#' Simulate data of a causal (possibly cyclic model) under interventions.
#'
#' @description Simulate data of a causal (possibly cyclic model) under interventions.
#'
#' @param n Number of observations.
#' @param p Number of variables.
#' @param df Degrees of freedom in t-distribution of noise and interventions.
#' @param rhoNoise Correlation between noise terms to model hidden variabkes.
#' Set to 0 for independent noise.
#' @param snrPar Signal-to-noise parameter: steers what proportion of the variance stems from
#' the signal resp.\ from the noise: The SNR is given by $SNR = (1-\code{snrPar})/\code{snrPar}$),
#' see details. Only holds when \code{cyclic = FALSE}.
#' @param sparse Probability that an entry \eqn{i,j} in adjacency matrix is 1.
#' @param doInterv Set to TRUE if interventions should be do-interventions; otherwise
#' noise interventions (also called shift interventions) are generated.
#' @param numberInt Total number of settings.
#' @param strengthInt Regulates the strength of the interventions, see details.
#' @param cyclic Set to TRUE is resulting graph should contain a cycle.
#' @param strengthCycle Steers strength of feedback, see details.
#' @param modelMis Add a model misspecification that applies \code{tanh(modelMisPar*x)/modelMisPar)}
#' morginally to each variable after having generated X from the causal DAG.
#' @param modelMisPar Parameter steering the strength of the model misspecification.
#' @param seed Random seed.
#' @return A list with the following elements:
#' \itemize{
#' \item \code{X} \eqn{n x p}-dimensional data matrix
#' \item \code{environment} Indicator of the experiment or the intervention type an
#' observation belongs to. A numeric vector of length \eqn{n}.
#' \item \code{interventions} A list of length \eqn{n}. Indicates location of interventions
#' for each data point.
#' \item \code{whereInt} A list of length \code{numberInt}. Indicates location of interventions
#' in each setting.
#' \item \code{noise}
#' \item \code{configs} A list with the generated adjacency matrix (\code{trueA})
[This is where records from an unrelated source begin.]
lemma ogs_prod_unique:
  "ogs_exp n e \<Longrightarrow> ogs_exp n e' \<Longrightarrow> ogs_prod n e = ogs_prod n e' \<Longrightarrow> e = e'"
proof (induction n arbitrary: e e')
  case 0
  then show ?case by (simp add: ogs_exp_zero fun_eq_iff)
next
  case (Suc n)
  let ?N = "Suc n"
  show ?case
  proof (cases "n = 0")
    case True
    then show ?thesis using Suc.prems by (simp add: ogs_exp_zero fun_eq_iff)
  next
    case False
    have less: "e ?N < ?N" "e' ?N < ?N"
      using Suc.prems(1,2) False by (simp_all add: ogs_exp_less)
    have split: "ogs_prod ?N d = ogs_prod n d \<circ> (tS ?N ^^ d ?N)" for d
      using False by (simp add: ogs_prod_Suc)
    have top_preimage: "ogs_prod ?N d (?N - d ?N) = ?N" if "d ?N < ?N" for d
    proof -
      have "(tS ?N ^^ d ?N) (?N - d ?N) = ?N"
        using that tS_funpow_apply[of "?N - d ?N" "d ?N" ?N] by simp
      then show ?thesis
        by (simp only: split comp_apply ogs_prod_apply_gt lessI)
    qed
    have "ogs_prod ?N e (?N - e ?N) = ogs_prod ?N e (?N - e' ?N)"
      using top_preimage[of e, OF less(1)] top_preimage[of e', OF less(2)] Suc.prems(3)
      by (simp only:)
    then have top: "e ?N = e' ?N"
      using less injD[OF bij_is_inj[OF bij_ogs_prod]] by fastforce
    have "ogs_prod n e \<circ> (tS ?N ^^ e ?N) = ogs_prod n e' \<circ> (tS ?N ^^ e ?N)"
      using Suc.prems(3) by (simp only: split top)
    then have "ogs_prod n e = ogs_prod n e'"
      by (intro surj_fun_eq[OF bij_is_surj[OF bij_tS_funpow[of "e ?N" ?N]]]) simp
    then have "e(?N := 0) = e'(?N := 0)"
      using Suc.IH[OF ogs_exp_upd[OF Suc.prems(1)] ogs_exp_upd[OF Suc.prems(2)]]
      by (simp only: ogs_prod_upd)
    then show ?thesis
      using top unfolding fun_eq_iff by (metis fun_upd_apply)
  qed
qed

lemma maj_ogs_prod:
  assumes "ogs_exp n e"
  shows "maj n (ogs_prod n e) = (\<Sum>k\<in>{2..n}. e k)"
proof -
  have "(THE e'. ogs_exp n e' \<and> ogs_prod n e = ogs_prod n e') = e"
  proof (rule the_equality)
    show "ogs_exp n e \<and> ogs_prod n e = ogs_prod n e"
      using assms by simp
  next
    fix e'
    assume "ogs_exp n e' \<and> ogs_prod n e = ogs_prod n e'"
    then show "e' = e"
      using assms ogs_prod_unique by metis
  qed
  then show ?thesis
    by (simp add: maj_def)
qed

definition factor_exps :: "(nat \<times> nat) list \<Rightarrow> nat \<Rightarrow> nat" where
  "factor_exps f k = (case map_of f k of None \<Rightarrow> 0 | Some i \<Rightarrow> i)"

lemma foldr_factor_exps:
  assumes "sorted_wrt (<) (map fst f)" and "\<forall>(h, i) \<in> set f. a \<le> h \<and> h < b"
    and unit: "\<And>k. F (P k 0) = id"
  shows "foldr F (map (\<lambda>k. P k (factor_exps f k)) [a..<b]) = foldr F (map (case_prod P) f)"
proof -
  have units: "foldr F (map (\<lambda>k. P k 0) ks) = id" for ks
    by (induction ks) (simp_all add: unit)
  show ?thesis
    using assms(1,2)
  proof (induction f arbitrary: a)
    case Nil
    then show ?case
      by (simp add: factor_exps_def units)
  next
    case (Cons hi rest)
    obtain h i where hi: "hi = (h, i)"
      by fastforce
    have range: "a \<le> h" "h < b" and later: "\<forall>(h', i') \<in> set rest. h < h'"
      using Cons.prems hi by auto
    have "[a..<b] = [a..<h] @ [h..<b]"
      using range upt_add_eq_append[of a h "b - h"] by simp
    then have split: "[a..<b] = [a..<h] @ h # [Suc h..<b]"
      using range upt_conv_Cons[of h b] by simp
    have "factor_exps (hi # rest) k = 0" if "k < h" for k
    proof -
      have "k \<notin> fst ` set rest"
        using later that by fastforce
      then have "map_of rest k = None"
        by (simp add: map_of_eq_None_iff)
      then show ?thesis
        using that hi by (simp add: factor_exps_def)
    qed
    then have low: "map (\<lambda>k. P k (factor_exps (hi # rest) k)) [a..<h] = map (\<lambda>k. P k 0) [a..<h]"
      by simp
    have high: "map (\<lambda>k. P k (factor_exps (hi # rest) k)) [Suc h..<b]
        = map (\<lambda>k. P k (factor_exps rest k)) [Suc h..<b]"
      using hi by (simp add: factor_exps_def)
    have at_h: "factor_exps (hi # rest) h = i"
      using hi by (simp add: factor_exps_def)
    have "foldr F (map (\<lambda>k. P k (factor_exps rest k)) [Suc h..<b])
        = foldr F (map (case_prod P) rest)"
      using Cons.prems later by (intro Cons.IH) auto
    then show ?case
      by (simp only: split map_append list.map foldr_append foldr_Cons low high at_h units)
        (simp add: hi)
  qed
qed
lemma Cramer_rule_2:
  fixes u v w :: "nat \<Rightarrow> int" and a b :: real
  assumes "\<forall>l. w l = a * u l + b * v l"
  shows "(u i * v j - u j * v i) * w l = (w i * v j - w j * v i) * u l + (u i * w j - u j * w i) * v l"
proof -
  have "real_of_int ((u i * v j - u j * v i) * w l)
      = real_of_int ((w i * v j - w j * v i) * u l + (u i * w j - u j * w i) * v l)"
    using assms by (simp add: algebra_simps)
  then show ?thesis by (rule of_int_eq_iff[THEN iffD1])
qed

lemma int_lin_indep2_if_minor_nonzero:
  assumes "u i * v j - u j * v i \<noteq> 0"
  shows "int_lin_indep2 u v"
  unfolding int_lin_indep2_def
proof (intro allI impI)
  fix m n :: int
  assume "\<forall>l. m * u l + n * v l = 0"
  then have ij: "m * u i + n * v i = 0" "m * u j + n * v j = 0" by auto
  have "m * (u i * v j - u j * v i) = (m * u i + n * v i) * v j - (m * u j + n * v j) * v i"
    and "n * (u i * v j - u j * v i) = u i * (m * u j + n * v j) - u j * (m * u i + n * v i)"
    by algebra+
  then have "m * (u i * v j - u j * v i) = 0" "n * (u i * v j - u j * v i) = 0"
    unfolding ij by simp_all
  then show "m = 0 \<and> n = 0" using assms by simp
qed

lemma exceptional_kummer_if_plane_lattice_eq:
  fixes u v :: "nat \<Rightarrow> int"
  assumes plane: "plane_lattice x
      = {w. supported22 w \<and> (\<exists>(a::real) (b::real). \<forall>l. w l = a * u l + b * v l)}"
    and "supported22 u" "supported22 v"
    and odd: "odd (u i * v j - u j * v i)"
    and even: "4 dvd K3_form u u" "4 dvd K3_form v v" "even (K3_form u v)"
  shows "exceptional_kummer x"
proof -
  have "\<forall>l. u l = 1 * real_of_int (u l) + 0 * real_of_int (v l)"
    and "\<forall>l. v l = 0 * real_of_int (u l) + 1 * real_of_int (v l)" by simp_all
  then have "u \<in> plane_lattice x" "v \<in> plane_lattice x"
    unfolding plane using \<open>supported22 u\<close> \<open>supported22 v\<close> by blast+
  moreover have "int_lin_indep2 u v"
    using odd by (intro int_lin_indep2_if_minor_nonzero[of u i v j]) (metis even_zero)
  moreover have "4 dvd K3_form w w" if "w \<in> plane_lattice x" for w
  proof -
    from that plane obtain a b :: real where "\<forall>l. w l = a * u l + b * v l" by auto
    then have "(\<lambda>l. (u i * v j - u j * v i) * w l)
        = (\<lambda>l. (w i * v j - w j * v i) * u l + (u i * w j - u j * w i) * v l)"
      by (intro ext Cramer_rule_2)
    with four_dvd_K3_form_lin_comb[OF even]
    have "4 dvd K3_form (\<lambda>l. (u i * v j - u j * v i) * w l) (\<lambda>l. (u i * v j - u j * v i) * w l)"
      by simp
    with odd show ?thesis by (rule four_dvd_K3_form_if_odd_multiple)
  qed
  ultimately show ?thesis unfolding exceptional_kummer_def by blast
qed
(* Let $f\in\mathbb{Z}[X]$ be a polynomial which is not a square in $\mathbb{C}[X]$. Then there exists a finite set $P_f$ of prime numbers such that for every finite set $P$ of prime numbers there are infinitely many $x\in\mathbb{Z}$ with (a) $p\nmid f(x)$ for every $p\in P\setminus P_f$, and (b) $v_p(f(x))\equiv1\pmod 2$ for some prime $p\notin P$.
   Context: $v_p$ denotes the $p$-adic valuation on $\mathbb{Q}^\times$. *)

theory Defs
  imports "HOL-Computational_Algebra.Computational_Algebra" Complex_Main
begin

end

theory Submission
  imports Defs "HOL-Number_Theory.Cong"
begin

text \<open>
  If f is not a square in \<open>\<complex>[X]\<close>, some nonconstant prime h of \<open>\<int>[X]\<close> divides f to an odd
  power k, say \<open>f = h\<^sup>k u\<close> with h not dividing u. Bezout identities in \<open>\<rat>[X]\<close>, with
  denominators cleared, put nonzero integers \<open>c\<^sub>1\<close>, \<open>c\<^sub>2\<close> into the ideals \<open>(h, u)\<close> and
  \<open>(h, h')\<close> of \<open>\<int>[X]\<close>. By Schur's theorem some value \<open>h(x\<^sub>0)\<close> has a prime divisor q
  outside P and prime to \<open>c\<^sub>1 c\<^sub>2\<close>; then q divides neither \<open>u(x\<^sub>0)\<close> nor \<open>h'(x\<^sub>0)\<close>, so q
  divides h exactly once at \<open>x\<^sub>0\<close> or at \<open>x\<^sub>0 + q\<close>, and then \<open>v\<^sub>q(f(x)) = k\<close> on a whole
  residue class modulo \<open>q\<^sup>2\<close>. With \<open>P\<^sub>f\<close> the primes dividing one nonzero value \<open>f(a)\<close>, the
  Chinese remainder theorem intersects this class with \<open>x \<equiv> a\<close> modulo the primes of
  \<open>P - P\<^sub>f\<close>, which then divide no \<open>f(x)\<close>.
\<close>

lemma poly_diff_dvd:
  fixes p :: "'a::comm_ring_1 poly"
  shows "x - y dvd poly p x - poly p y"
proof (induction p)
  case (pCons a p)
  have "poly (pCons a p) x - poly (pCons a p) y = x * (poly p x - poly p y) + (x - y) * poly p y"
    by (simp add: algebra_simps)
  with pCons.IH show ?case by simp
qed simp

lemma poly_cong:
  fixes p :: "'a::unique_euclidean_ring poly"
  assumes "[x = y] (mod m)"
  shows "[poly p x = poly p y] (mod m)"
  using assms dvd_trans[OF _ poly_diff_dvd] by (simp add: cong_iff_dvd_diff)

lemma finite_poly_preimage:
  fixes p :: "'a::idom poly"
  assumes "degree p > 0" "finite A"
  shows "finite {x. poly p x \<in> A}"
proof -
  have preimage: "{x. poly p x \<in> A} = (\<Union>a\<in>A. {x. poly (p - [:a:]) x = 0})" by auto
  have "finite {x. poly (p - [:a:]) x = 0}" for a
    using assms(1) by (intro poly_roots_finite) (metis degree_pCons_0 neq0_conv right_minus_eq)
  then show ?thesis unfolding preimage by (intro finite_UN_I[OF assms(2)])
qed

lemma poly_shift_dvd_square:
  fixes p :: "'a::idom poly"
  shows "q\<^sup>2 dvd poly p (x + q) - poly p x - q * poly (pderiv p) x"
proof (induction p)
  case (pCons a p)
  have "poly (pCons a p) (x + q) - poly (pCons a p) x - q * poly (pderiv (pCons a p)) x
     = x * (poly p (x + q) - poly p x - q * poly (pderiv p) x) + q * (poly p (x + q) - poly p x)"
    by (simp add: pderiv_pCons algebra_simps)
  moreover have "q\<^sup>2 dvd q * (poly p (x + q) - poly p x)"
    using poly_diff_dvd[of "x + q" x p] by (simp add: power2_eq_square)
  ultimately show ?case
    using pCons.IH by (metis dvd_add dvd_mult)
qed simp

lemma exact_dvd_near_simple_root:
  fixes p :: "'a::idom poly"
  assumes "q \<noteq> 0" "q dvd poly p x" "\<not> q dvd poly (pderiv p) x"
  shows "\<exists>y\<in>{x, x + q}. q dvd poly p y \<and> \<not> q\<^sup>2 dvd poly p y"
proof (cases "q\<^sup>2 dvd poly p x")
  case True
  have "q dvd poly p (x + q) - poly p x"
    using poly_diff_dvd[of "x + q" x p] by simp
  from dvd_add[OF this assms(2)] have "q dvd poly p (x + q)"
    by simp
  moreover have "\<not> q\<^sup>2 dvd poly p (x + q)"
  proof
    assume "q\<^sup>2 dvd poly p (x + q)"
    then have "q\<^sup>2 dvd poly p (x + q) - (poly p (x + q) - poly p x - q * poly (pderiv p) x) - poly p x"
      by (rule dvd_diff[OF dvd_diff[OF _ poly_shift_dvd_square] True])
    then have "q * q dvd q * poly (pderiv p) x"
      by (simp add: power2_eq_square)
    with assms(1,3) show False by simp
  qed
  ultimately show ?thesis by blast
qed (use assms(2) in auto)

lemma multiplicity_power_mult_of_exact_dvd:
  assumes "prime_elem q" "q dvd a" "\<not> q\<^sup>2 dvd a" "\<not> q dvd b"
  shows "multiplicity q (a ^ k * b) = k"
proof -
  have "a \<noteq> 0" using assms(3) by auto
  have "multiplicity q a = 1"
    using assms(2,3) by (intro multiplicity_eqI) (auto simp: power2_eq_square)
  then have "multiplicity q (a ^ k) = k"
    using prime_elem_multiplicity_power_distrib[OF assms(1) \<open>a \<noteq> 0\<close>] by simp
  then show ?thesis
    using multiplicity_prime_elem_times_other[OF assms(1,4), of "a ^ k"] by (metis mult.commute)
qed

lemma even_multiplicities_imp_unit_times_square:
  fixes x :: "'a::factorial_semiring"
  assumes "x \<noteq> 0" "\<And>p. p \<in> prime_factors x \<Longrightarrow> even (multiplicity p x)"
  obtains u g where "is_unit u" "x = u * g\<^sup>2"
proof -
  have "prod_mset (prime_factorization x) = (\<Prod>p\<in>prime_factors x. p ^ multiplicity p x)"
    unfolding prod_mset_multiplicity
    by (intro prod.cong) (simp_all add: count_prime_factorization_prime in_prime_factors_imp_prime)
  also have "\<dots> = (\<Prod>p\<in>prime_factors x. (p ^ (multiplicity p x div 2))\<^sup>2)"
    using assms(2) by (intro prod.cong) (auto simp: power_mult[symmetric] elim!: evenE)
  also have "\<dots> = (\<Prod>p\<in>prime_factors x. p ^ (multiplicity p x div 2))\<^sup>2"
    by (simp add: prod_power_distrib)
  finally have "normalize x = normalize ((\<Prod>p\<in>prime_factors x. p ^ (multiplicity p x div 2))\<^sup>2)"
    using prod_mset_prime_factorization_weak[OF assms(1)] by simp
  then show ?thesis by (elim associatedE1) (rule that)
qed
#' as well as all input arguments.
#' }
#'
#' @details The adjacency matrix \eqn{A} is generated as follows. Assume the variables
#' with indices \eqn{{1, \ldots, p}} are causally ordered. For each edge from node
#' \eqn{i} to node \eqn{j} where \eqn{i} precedes \eqn{j} in the causal ordering,
#' we draw a sample from Bin(\code{sparse}) to determine whether to add an edge
#' from node \eqn{i} to node \eqn{j}. After having sampled the non-zero entries
#' of \eqn{A} in this fashion, we sample the coefficients from Unif(-1,1).
#' As described below, the edge weights are later rescaled to achieve a specified
#' signal-to-noise ratio. We exclude the possibility of \eqn{A = 0},
#' i.e. we resample until \eqn{A} contains at least one non-zero entry.
#'
#' Second, the interventions are generated as follows. \code{numberInt} denotes the total
#' number of (interventional and observational) settings that are generated.
#' For each variable, we sample uniformly at random with replacement one setting
#' in which this variable is intervened on. In other words, each variable is
#' intervened on in exactly one setting. Hence it is possible that there are
#' settings where no interventions take place which then correspond to the
#' observational case. Similarly, there may be settings where interventions
#' are performed on multiple variables at once. After defining the settings,
#' we sample (uniformly at random with replacement) what setting each data point
#' belongs to. So for each setting we generate approximately the same number of
#' samples. In one generated data set, the interventions are all of the same
#' type, i.e. they are either all shift interventions (when \code{doInterv = FALSE})
#' or do-interventions (when \code{doInterv = TRUE}). In both cases, an intervention
#' on \eqn{X_j} is modelled by generating \eqn{Z_j} as \eqn{Z_j ~} \code{strengthInt} \eqn{* t}(\code{dfNoise}).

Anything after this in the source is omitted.